■ **TASK PROMPT**: Please quote only the lines that start at the one with "j = (\<lambda>k." and go on to the last line of the data, both ends kept.
--- RECORDS FOR THE TASK ---
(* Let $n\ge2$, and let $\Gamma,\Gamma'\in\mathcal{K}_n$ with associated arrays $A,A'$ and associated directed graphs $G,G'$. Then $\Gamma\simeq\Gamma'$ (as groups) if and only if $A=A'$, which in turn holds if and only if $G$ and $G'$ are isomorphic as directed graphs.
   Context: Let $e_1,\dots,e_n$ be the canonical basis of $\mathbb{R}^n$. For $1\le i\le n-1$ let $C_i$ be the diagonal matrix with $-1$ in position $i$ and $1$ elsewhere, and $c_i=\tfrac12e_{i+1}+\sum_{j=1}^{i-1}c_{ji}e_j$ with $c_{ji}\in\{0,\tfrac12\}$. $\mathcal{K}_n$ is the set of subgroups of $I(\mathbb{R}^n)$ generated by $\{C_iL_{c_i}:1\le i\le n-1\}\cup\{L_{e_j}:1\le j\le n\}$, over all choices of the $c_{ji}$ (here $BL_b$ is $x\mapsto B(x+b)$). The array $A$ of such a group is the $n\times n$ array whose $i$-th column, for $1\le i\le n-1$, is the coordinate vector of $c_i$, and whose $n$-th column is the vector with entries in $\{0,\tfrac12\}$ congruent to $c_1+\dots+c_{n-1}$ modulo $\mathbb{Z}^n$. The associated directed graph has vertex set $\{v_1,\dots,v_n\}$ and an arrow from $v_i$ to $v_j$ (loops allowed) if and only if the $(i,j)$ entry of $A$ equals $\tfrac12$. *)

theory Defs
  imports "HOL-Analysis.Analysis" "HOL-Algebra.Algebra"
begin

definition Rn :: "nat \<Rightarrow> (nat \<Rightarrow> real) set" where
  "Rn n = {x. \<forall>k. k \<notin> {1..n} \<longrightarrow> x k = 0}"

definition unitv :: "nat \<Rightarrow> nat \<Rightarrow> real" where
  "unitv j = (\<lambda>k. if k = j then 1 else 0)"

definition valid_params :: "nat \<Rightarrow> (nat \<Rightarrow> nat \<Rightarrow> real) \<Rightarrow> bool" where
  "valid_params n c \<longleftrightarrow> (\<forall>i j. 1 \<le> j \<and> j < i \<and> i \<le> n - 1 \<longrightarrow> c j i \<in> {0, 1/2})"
---
■ **RESULT**:
  "unitv j = (\<lambda>k. if k = j then 1 else 0)"

definition valid_params :: "nat \<Rightarrow> (nat \<Rightarrow> nat \<Rightarrow> real) \<Rightarrow> bool" where
  "valid_params n c \<longleftrightarrow> (\<forall>i j. 1 \<le> j \<and> j < i \<and> i \<le> n - 1 \<longrightarrow> c j i \<in> {0, 1/2})"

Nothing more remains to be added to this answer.